(SOURCE DATA)

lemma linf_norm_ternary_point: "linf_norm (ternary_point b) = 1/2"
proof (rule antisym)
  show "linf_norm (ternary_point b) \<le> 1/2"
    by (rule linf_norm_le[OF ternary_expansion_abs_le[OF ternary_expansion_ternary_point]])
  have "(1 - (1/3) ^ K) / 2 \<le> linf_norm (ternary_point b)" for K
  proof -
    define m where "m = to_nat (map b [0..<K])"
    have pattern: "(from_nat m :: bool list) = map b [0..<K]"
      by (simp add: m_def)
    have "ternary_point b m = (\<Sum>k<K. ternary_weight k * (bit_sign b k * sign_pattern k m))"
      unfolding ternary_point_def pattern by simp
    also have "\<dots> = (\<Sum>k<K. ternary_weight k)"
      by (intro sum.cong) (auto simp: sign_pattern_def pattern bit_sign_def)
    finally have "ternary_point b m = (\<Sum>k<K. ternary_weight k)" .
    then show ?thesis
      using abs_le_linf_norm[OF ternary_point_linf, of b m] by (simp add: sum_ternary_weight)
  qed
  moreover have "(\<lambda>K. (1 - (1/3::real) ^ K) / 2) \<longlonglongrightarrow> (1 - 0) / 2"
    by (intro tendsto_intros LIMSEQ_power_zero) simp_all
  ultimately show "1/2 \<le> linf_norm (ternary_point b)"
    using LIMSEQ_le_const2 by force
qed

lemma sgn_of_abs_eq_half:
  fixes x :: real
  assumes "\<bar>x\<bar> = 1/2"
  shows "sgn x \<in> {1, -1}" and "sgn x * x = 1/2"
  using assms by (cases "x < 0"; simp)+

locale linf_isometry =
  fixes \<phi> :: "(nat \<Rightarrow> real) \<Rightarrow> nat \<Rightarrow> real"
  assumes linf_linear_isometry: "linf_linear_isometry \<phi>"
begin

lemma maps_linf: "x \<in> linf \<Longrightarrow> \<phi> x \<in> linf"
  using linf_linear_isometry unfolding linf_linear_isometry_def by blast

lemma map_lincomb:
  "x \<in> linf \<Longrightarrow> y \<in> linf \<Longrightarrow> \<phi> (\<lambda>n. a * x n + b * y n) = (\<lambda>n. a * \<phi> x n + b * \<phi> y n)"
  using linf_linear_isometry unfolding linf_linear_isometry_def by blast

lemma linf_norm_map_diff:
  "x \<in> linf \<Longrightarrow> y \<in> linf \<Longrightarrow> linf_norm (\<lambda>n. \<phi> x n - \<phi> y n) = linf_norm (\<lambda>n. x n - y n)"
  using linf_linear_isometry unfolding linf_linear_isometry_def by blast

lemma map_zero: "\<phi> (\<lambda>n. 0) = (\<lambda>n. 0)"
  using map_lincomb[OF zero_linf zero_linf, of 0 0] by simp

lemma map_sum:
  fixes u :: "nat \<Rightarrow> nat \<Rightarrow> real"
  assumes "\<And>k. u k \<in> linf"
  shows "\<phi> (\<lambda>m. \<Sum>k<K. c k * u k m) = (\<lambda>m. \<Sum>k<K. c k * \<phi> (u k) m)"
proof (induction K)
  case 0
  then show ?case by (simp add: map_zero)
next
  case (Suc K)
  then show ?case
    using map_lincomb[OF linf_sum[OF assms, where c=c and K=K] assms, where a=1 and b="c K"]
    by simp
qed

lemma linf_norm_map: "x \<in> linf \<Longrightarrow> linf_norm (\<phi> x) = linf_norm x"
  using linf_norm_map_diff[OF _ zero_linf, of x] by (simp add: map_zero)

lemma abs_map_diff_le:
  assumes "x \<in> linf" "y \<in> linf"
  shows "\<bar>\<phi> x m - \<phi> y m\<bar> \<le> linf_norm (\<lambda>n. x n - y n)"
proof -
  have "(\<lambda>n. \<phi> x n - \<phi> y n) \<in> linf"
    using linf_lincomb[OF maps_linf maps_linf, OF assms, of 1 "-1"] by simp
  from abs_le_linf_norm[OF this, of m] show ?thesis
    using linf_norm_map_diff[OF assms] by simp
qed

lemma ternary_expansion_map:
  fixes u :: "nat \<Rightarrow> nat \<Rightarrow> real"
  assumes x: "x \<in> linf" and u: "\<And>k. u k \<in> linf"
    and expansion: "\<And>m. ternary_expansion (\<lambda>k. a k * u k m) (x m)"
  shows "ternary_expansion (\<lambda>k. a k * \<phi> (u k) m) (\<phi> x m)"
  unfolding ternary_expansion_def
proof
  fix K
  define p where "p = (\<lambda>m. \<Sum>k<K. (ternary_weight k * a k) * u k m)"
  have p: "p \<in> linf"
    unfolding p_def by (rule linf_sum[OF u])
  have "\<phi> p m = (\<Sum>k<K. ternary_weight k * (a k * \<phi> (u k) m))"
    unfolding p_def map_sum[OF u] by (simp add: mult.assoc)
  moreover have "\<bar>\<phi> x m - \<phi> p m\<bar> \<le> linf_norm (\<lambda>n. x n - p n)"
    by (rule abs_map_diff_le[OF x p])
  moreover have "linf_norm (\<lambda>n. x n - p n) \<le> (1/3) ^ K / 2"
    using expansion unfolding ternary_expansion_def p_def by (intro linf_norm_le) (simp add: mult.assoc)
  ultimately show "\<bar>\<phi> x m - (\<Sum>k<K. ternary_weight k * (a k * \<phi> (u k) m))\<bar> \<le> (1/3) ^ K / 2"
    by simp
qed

(End SOURCE DATA)

[TASK] Please find the lines in the data that contain the word "where" and copy them.

[ANSWER TO THIS EXERCISE]
    define m where "m = to_nat (map b [0..<K])"
    using map_lincomb[OF linf_sum[OF assms, where c=c and K=K] assms, where a=1 and b="c K"]
  define p where "p = (\<lambda>m. \<Sum>k<K. (ternary_weight k * a k) * u k m)"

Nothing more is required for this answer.